Yes please send the patch. Thanks.
ps. I just cannot make mpt3sas load on the upstream kernel at all. hm.
@aik just sent via e-mail.
Thanks. Did not help though, it still crashes, slightly different, the net result is the same - mpt3sas does not bind to the device.
update. Turns out multilevel TCE tables for 32bit DMA do not work properly. Hm. Disabled them and can proceed.
How much RAM does the guest in the test get?
In meanwhile, could you try patching QEMU like this?

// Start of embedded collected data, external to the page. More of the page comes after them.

(* Assume (A1)–(A4). Let $T>0$ and $N\ge0$. For $K\ge1$ let $u^K$ solve $$\frac{d}{dt}u^{K}_i(t)=R(i\delta_K)+\sum_{l\in\mathbb{Z}}p((l+i)\delta_K)h_KG(lh_K)e^{\log K(u^{K}_{l+i}(t)-u^{K}_i(t))},\quad u^K_i(0)=u^{K,0}(i\delta_K).$$ Then there is a constant $C$ (possibly depending on $T$ and $N$) such that for all $K\ge1$, $t\in[0,T]$ and $i\in\mathbb{Z}$ with $i\delta_K\in[-N,N]$, $$\Big|\frac{u^K_{i+1}(t)-u^K_i(t)}{\delta_K}\Big|\le C.$$
   Context: Let $R,p,G:\mathbb{R}\to\mathbb{R}$; for each integer $K\ge1$ let $\delta_K>0$ with $\delta_K\to0$ and $h_K:=\delta_K\log K\to0$. (A1) $R,p$ Lipschitz with $\underline{R}\le R\le\overline{R}$, $0<\underline{p}\le p\le\overline{p}$. (A2) $G$ positive continuous, $\int G=1$, $G(x)=f(x)e^{-|x|}$ with $0<\min f\le f\le\sup f<\infty$. (A3) $u^{K,0}(i\delta_K)\le-A|i\delta_K|+B_1$ for all $i,K$, constants $A,B_1>0$. (A4) There is $L\in(0,1)$ with $|u^{K,0}((i+1)\delta_K)-u^{K,0}(i\delta_K)|\le L\delta_K$ for all $i,K$. *)

theory Defs
  imports "HOL-Analysis.Analysis"
begin

definition hK :: "(nat \<Rightarrow> real) \<Rightarrow> nat \<Rightarrow> real" where
  "hK delta K = delta K * ln (real K)"

definition rhs_term ::
  "(real \<Rightarrow> real) \<Rightarrow> (real \<Rightarrow> real) \<Rightarrow> (nat \<Rightarrow> real) \<Rightarrow> (nat \<Rightarrow> int \<Rightarrow> real \<Rightarrow> real)
    \<Rightarrow> nat \<Rightarrow> int \<Rightarrow> real \<Rightarrow> int \<Rightarrow> real" where
  "rhs_term p G delta u K i t l =
     p (real_of_int (l + i) * delta K) * hK delta K * G (real_of_int l * hK delta K)
       * exp (ln (real K) * (u K (l + i) t - u K i t))"

end

theory Submission
  imports Defs
begin

text \<open>
  Put \<open>\<beta> = log K\<close> and \<open>w i = exp (\<beta> * u i)\<close>. The equation becomes the linear lattice system
  \<open>w i' = \<beta> * R i * w i + (\<Sum>l. \<beta> * a i l * w (i + l))\<close> with nonnegative coefficients
  \<open>a i l = p ((i + l) * \<delta>) * h * G (l * h)\<close>. For such systems a comparison principle holds on
  the whole lattice without any growth condition at infinity: a supersolution lying above \<open>- V\<close>
  for a nonnegative supersolution \<open>V\<close> is nonnegative, as one sees by bootstrapping through the
  time-rescaled supersolutions \<open>V (t / \<theta>)\<close>.

  First, \<open>exp (\<beta> * M * t) * w i 0\<close> is a supersolution as soon as \<open>M\<close> bounds \<open>R\<close> plus the
  initial jump rate \<open>\<Sum>l. a i l * exp (\<beta> * (u (i + l) 0 - u i 0))\<close>, which is bounded uniformly
  in \<open>K\<close> because the initial slope \<open>L < 1\<close> is beaten by the decay \<open>exp (- \<bar>x\<bar>)\<close> of \<open>G\<close>.
  So \<open>u i t \<le> u i 0 + M * t\<close>; as the system is autonomous, every \<open>u i\<close> grows at rate at most
  \<open>M\<close>, and the jump rate stays below \<open>M - inf R\<close> for all times. Second, a shift by one site
  changes \<open>a\<close> by a factor at most \<open>1 + O(\<delta>)\<close> and \<open>R\<close> by \<open>O(\<delta>)\<close>, so
  \<open>exp (\<beta> * (L * \<delta> + c * t)) * w i\<close> is a supersolution of the shifted system solved by
  \<open>w (i \<plusminus> 1)\<close>, and comparison gives \<open>\<bar>u (i + 1) t - u i t\<bar> \<le> \<delta> * (L + c * T)\<close>.
\<close>

lemma nondecreasing_of_deriv_nonneg_within:
  fixes f f' :: "real \<Rightarrow> real"
  assumes "a \<le> b" "{a..b} \<subseteq> S"
    and deriv: "\<And>x. x \<in> S \<Longrightarrow> (f has_real_derivative f' x) (at x within S)"
    and nonneg: "\<And>x. x \<in> {a..b} \<Longrightarrow> 0 \<le> f' x"
  shows "f a \<le> f b"
proof -
  have "\<exists>x\<in>{a..b}. f b - f a = (\<lambda>h. f' x * h) (b - a)"
  proof (rule mvt_very_simple[OF \<open>a \<le> b\<close>])
    fix x assume "a \<le> x" "x \<le> b"
    then show "(f has_derivative (\<lambda>h. f' x * h)) (at x within {a..b})"
      using DERIV_subset[OF deriv \<open>{a..b} \<subseteq> S\<close>] \<open>{a..b} \<subseteq> S\<close>
      by (auto simp: has_field_derivative_def mult_commute_abs)
  qed
  then obtain x where "x \<in> {a..b}" "f b - f a = f' x * (b - a)" by auto
  moreover have "0 \<le> f' x * (b - a)" using nonneg[OF \<open>x \<in> {a..b}\<close>] \<open>a \<le> b\<close> by simp
  ultimately show ?thesis by simp
qed

lemma nonneg_of_deriv_ge_linear:
  fixes f f' :: "real \<Rightarrow> real"
  assumes deriv: "\<And>x. x \<in> {0..c} \<Longrightarrow> (f has_real_derivative f' x) (at x within {0..c})"
    and ge: "\<And>x. x \<in> {0..c} \<Longrightarrow> r * f x \<le> f' x"
    and "0 \<le> f 0" "t \<in> {0..c}"
  shows "0 \<le> f t"
proof -
  have "exp (- r * 0) * f 0 \<le> exp (- r * t) * f t"
  proof (rule nondecreasing_of_deriv_nonneg_within[where f = "\<lambda>x. exp (- r * x) * f x" and S = "{0..c}"])
    show "((\<lambda>x. exp (- r * x) * f x) has_real_derivative exp (- r * x) * (f' x - r * f x))
        (at x within {0..c})" if "x \<in> {0..c}" for x
      by (rule derivative_eq_intros refl deriv[OF that] | simp add: algebra_simps)+
  qed (use assms in auto)
  with \<open>0 \<le> f 0\<close> have "0 \<le> exp (- r * t) * f t" by simp
  then show ?thesis by (simp add: zero_le_mult_iff)
qed

lemma deriv_le_of_increments_le:
  fixes f :: "real \<Rightarrow> real"
  assumes "a < b" "t \<in> {a..b}"
    and deriv: "(f has_real_derivative f') (at t within {a..b})"
    and incr: "\<And>x y. a \<le> x \<Longrightarrow> x \<le> y \<Longrightarrow> y \<le> b \<Longrightarrow> f y - f x \<le> M * (y - x)"
  shows "f' \<le> M"
proof (rule tendsto_upperbound)
  show "((\<lambda>y. (f y - f t) / (y - t)) \<longlongrightarrow> f') (at t within {a..b})"
    using deriv by (simp add: has_field_derivative_iff)
  show "\<not> trivial_limit (at t within {a..b})"
    using assms by (simp add: trivial_limit_within)
  show "\<forall>\<^sub>F y in at t within {a..b}. (f y - f t) / (y - t) \<le> M"
    unfolding eventually_at_filter
  proof (intro always_eventually allI impI)
    fix y assume "y \<noteq> t" "y \<in> {a..b}"
    then consider "t < y" | "y < t" by linarith
    then show "(f y - f t) / (y - t) \<le> M"
    proof cases
      case 1
      then show ?thesis using incr[of t y] \<open>t \<in> {a..b}\<close> \<open>y \<in> {a..b}\<close> by (simp add: divide_le_eq)
    next
      case 2
      then have "(f t - f y) / (t - y) \<le> M"
        using incr[of y t] \<open>t \<in> {a..b}\<close> \<open>y \<in> {a..b}\<close> by (simp add: divide_le_eq)
      moreover have "(f y - f t) / (y - t) = (f t - f y) / (t - y)"
        by (metis minus_diff_eq minus_divide_divide)
      ultimately show ?thesis by simp
    qed
  qed
qed

lemma le_mult_of_lipschitz_lower_bound:
  fixes p :: "real \<Rightarrow> real"
  assumes lip: "lipschitz_on L UNIV p" and lower: "\<And>x. p\<^sub>0 \<le> p x" and "0 < p\<^sub>0"
  shows "p y \<le> (1 + L / p\<^sub>0 * \<bar>y - x\<bar>) * p x"
proof -
  have "p y - p x \<le> L * \<bar>y - x\<bar>"
    using lipschitz_onD[OF lip, of y x] by (simp add: dist_real_def)
  also have "\<dots> = L / p\<^sub>0 * \<bar>y - x\<bar> * p\<^sub>0"
    using \<open>0 < p\<^sub>0\<close> by simp
  also have "\<dots> \<le> L / p\<^sub>0 * \<bar>y - x\<bar> * p x"
    using lower[of x] lipschitz_on_nonneg[OF lip] \<open>0 < p\<^sub>0\<close> by (intro mult_left_mono) auto
  finally show ?thesis by (simp add: algebra_simps)
qed

lemma has_sum_geometric_int:
  fixes x :: real
  assumes "0 \<le> x" "x < 1"
  shows "((\<lambda>l::int. x ^ nat \<bar>l\<bar>) has_sum (1 + x) / (1 - x)) UNIV"
proof -
  have "(\<lambda>n. x ^ n) sums (1 / (1 - x))" and "(\<lambda>n. x ^ Suc n) sums (x / (1 - x))"
    using geometric_sums[of x] sums_mult[OF geometric_sums[of x], of x] assms by auto
  then have nat_sums: "((\<lambda>n. x ^ n) has_sum 1 / (1 - x)) UNIV" "((\<lambda>n. x ^ Suc n) has_sum x / (1 - x)) UNIV"
    using assms by (auto intro!: sums_nonneg_imp_has_sum)
  have nonneg: "((\<lambda>l::int. x ^ nat \<bar>l\<bar>) has_sum 1 / (1 - x)) {0..}"
    using nat_sums(1) by (subst has_sum_reindex_bij_witness[where j = nat and i = int and T = UNIV]) auto
  have neg: "((\<lambda>l::int. x ^ nat \<bar>l\<bar>) has_sum x / (1 - x)) {..<0}"
  proof (subst has_sum_reindex_bij_witness[where j = "\<lambda>l. nat (- l - 1)" and i = "\<lambda>n. - int n - 1" and T = UNIV])
    show "x ^ Suc (nat (- l - 1)) = x ^ nat \<bar>l\<bar>" if "l \<in> {..<0}" for l :: int
      using that by (simp add: Suc_nat_eq_nat_zadd1)
  qed (use nat_sums(2) in auto)
  have "((\<lambda>l::int. x ^ nat \<bar>l\<bar>) has_sum 1 / (1 - x) + x / (1 - x)) ({0..} \<union> {..<0})"
    by (rule has_sum_Un_disjoint[OF nonneg neg]) auto
  moreover have "{0..} \<union> {..<0} = (UNIV :: int set)" by auto
  ultimately show ?thesis by (simp add: add_divide_distrib)
qed

lemma geometric_factor_le:
  fixes h \<gamma> :: real
  assumes "0 < h" "0 < \<gamma>" "\<gamma> \<le> 1"
  shows "h * (1 + exp (- (\<gamma> * h))) / (1 - exp (- (\<gamma> * h))) \<le> 2 * (1 + h) / \<gamma>"
proof -
  let ?x = "exp (- (\<gamma> * h))"
  have y: "0 < \<gamma> * h" using assms by simp
  have "?x \<le> 1 / (1 + \<gamma> * h)"
    using exp_ge_add_one_self[of "\<gamma> * h"] y by (simp add: exp_minus field_simps)
  then have gap: "\<gamma> * h / (1 + \<gamma> * h) \<le> 1 - ?x"
    using y by (simp add: field_simps)
  have "h * (1 + ?x) / (1 - ?x) \<le> (2 * h) / (\<gamma> * h / (1 + \<gamma> * h))"
  proof (rule frac_le)
    show "0 < \<gamma> * h / (1 + \<gamma> * h)"
      using y by (intro divide_pos_pos) auto
    show "h * (1 + ?x) \<le> 2 * h"
      using y \<open>0 < h\<close> by simp
  qed (use gap \<open>0 < h\<close> in auto)
  also have "\<dots> = 2 * (1 + \<gamma> * h) / \<gamma>"
    using assms by (simp add: field_simps)
  also have "\<dots> \<le> 2 * (1 + h) / \<gamma>"
    using assms by (intro divide_right_mono) (auto simp: mult_left_le_one_le)
  finally show ?thesis .
qed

diff --git a/hw/vfio/spapr.c b/hw/vfio/spapr.c
index 9d090270f6..80a5d0e3dd 100644
--- a/hw/vfio/spapr.c
+++ b/hw/vfio/spapr.c
@@ -166,7 +166,7 @@ int vfio_spapr_create_window(VFIOContainer *container,
entries = create.window_size >> create.page_shift;
pages = MAX((entries * sizeof(uint64_t)) / getpagesize(), 1);
pages = MAX(pow2ceil(pages) - 1, 1); /* Round up */
- create.levels = ctz64(pages) / 6 + 1;
+ create.levels = 1;//ctz64(pages) / 6 + 1;
ret = ioctl(container->fd, VFIO_IOMMU_SPAPR_TCE_CREATE, &create);
if (ret) {
@aik
Thanks. Did not help though, it still crashes, slightly different, the net result is the same - mpt3sas does not bind to the device.

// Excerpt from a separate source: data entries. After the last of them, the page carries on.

theorem theorem2:
  fixes c1 c2 :: "real ^ 'n::finite" and A1 A2 :: "real ^ 'n ^ 'n"
  assumes "c1 \<noteq> c2"
    and "sym_psd A1" and "sym_psd A2"
    and "norm (c2 - c1) > norm (A1 *v ((c1 - c2) /\<^sub>R norm (c1 - c2)))
                          + norm (A2 *v ((c1 - c2) /\<^sub>R norm (c1 - c2)))"
  shows "gaussian_width (sphere 0 1 \<inter> cone_of (set_minus
            ((\<lambda>x. c1 + A1 *v x) ` cball 0 1) ((\<lambda>x. c2 + A2 *v x) ` cball 0 1)))
         \<le> (frob_norm A1 + frob_norm A2)
             / (norm (c2 - c1) - (norm (A1 *v ((c1 - c2) /\<^sub>R norm (c1 - c2)))
                                 + norm (A2 *v ((c1 - c2) /\<^sub>R norm (c1 - c2)))))
           + 1 / sqrt (2 * pi)"
proof -
  let "gaussian_width ?S \<le> _" = ?thesis
  define e where "e = (c1 - c2) /\<^sub>R norm (c1 - c2)"
  define D where "D = norm (c1 - c2) - (norm (A1 *v e) + norm (A2 *v e))"
  define P where "P = (\<lambda>g. (\<chi> i. g i) - ((\<chi> i. g i) \<bullet> e) *\<^sub>R e)"
  define H where "H = (\<lambda>g. max 0 (e \<bullet> (\<chi> i. g i)) + (norm (A1 *v P g) + norm (A2 *v P g)) / D)"
  have sym: "transpose A1 = A1" "transpose A2 = A2"
    using assms(2,3) by (auto simp: sym_psd_def)
  have "norm e = 1" and "0 < D"
    using assms(1,4) by (simp_all add: e_def D_def norm_minus_commute)
  note integrals = integrable_gaussian_vec_inner_positive_part[OF \<open>norm e = 1\<close>]
    integral_gaussian_vec_inner_positive_part[OF \<open>norm e = 1\<close>]
    integrable_gaussian_vec_norm_orthogonal_projection[OF \<open>norm e = 1\<close>]
  have "c1 \<in> (\<lambda>x. c1 + A1 *v x) ` cball 0 1" "c2 \<in> (\<lambda>x. c2 + A2 *v x) ` cball 0 1"
    using image_eqI[of c1 "\<lambda>x. c1 + A1 *v x" 0] image_eqI[of c2 "\<lambda>x. c2 + A2 *v x" 0] by simp_all
  then have "?S \<noteq> {}"
    using normalized_difference_mem_sphere_cone[OF _ _ assms(1)] by (metis empty_iff)
  then have "gaussian_width ?S \<le> integral\<^sup>L gaussian_vec_measure H"
  proof (rule gaussian_width_le_integral)
    show "z \<bullet> (\<chi> i. g i) \<le> H g" if "z \<in> ?S" for z g
      using inner_sphere_cone_ellipsoids_le[OF sym assms(1) _ that, of "\<chi> i. g i"] assms(4)
      by (simp add: H_def P_def D_def e_def norm_minus_commute)
    show "0 \<le> integral\<^sup>L gaussian_vec_measure H"
      using \<open>0 < D\<close> by (intro Bochner_Integration.integral_nonneg) (simp add: H_def)
  qed (simp add: H_def P_def integrals)
  also have "integral\<^sup>L gaussian_vec_measure H = 1 / sqrt (2 * pi)
      + (integral\<^sup>L gaussian_vec_measure (\<lambda>g. norm (A1 *v P g))
        + integral\<^sup>L gaussian_vec_measure (\<lambda>g. norm (A2 *v P g))) / D"
    by (simp add: H_def P_def integrals)
  also have "\<dots> \<le> 1 / sqrt (2 * pi) + (frob_norm A1 + frob_norm A2) / D"
    using integral_gaussian_vec_norm_orthogonal_projection_le[OF \<open>norm e = 1\<close>, of A1]
      integral_gaussian_vec_norm_orthogonal_projection_le[OF \<open>norm e = 1\<close>, of A2] \<open>0 < D\<close>
    by (intro add_left_mono divide_right_mono) (auto simp: P_def)
  finally show ?thesis
    by (simp add: D_def e_def norm_minus_commute)
qed

end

Surprised; this patch fixed this problem for us in several tests. Can you please send me the Oops log? (at least stack trace + NIP/LR)
update. Turns out multilevel TCE tables for 32bit DMA do not work properly. Hm. Disabled them and can proceed.
Cool. But wasn't this adapter/driver doing 64-bit DMA? And, please, where can I find out more about multilevel TCE tables? (source files are OK; if there are docs, those are more than welcome).
How much RAM does the guest in the test get?
32 GiB.
In meanwhile, could you try patching QEMU like this?
Yes, I'll setup a local box to try it (the original one is not accessible in a client's network). It might take a while but I'll do it.
Thanks!
Surprised; this patch fixed this problem for us in several tests. Can you please send me the Oops log? (at least stack trace + NIP/LR)
Does not make much sense, in fact everything trying to use 4-level TCE tables fails with EEH, 3 levels are ok, it has not been noticed so far because by default 32bit windows only use 1 level and most devices are 64bit only anyway; only my test branch exposed the problem which seems to be unrelated to what this bug is about.
Cool. But wasn't this adapter/driver doing 64-bit DMA?
It is using 32bit for coherent mask and 64bit for noncoherent, different DMA pages for different purposes.
And, please, where can I find out more about multilevel TCE tables? (source files are OK; if there are docs, those are more than welcome).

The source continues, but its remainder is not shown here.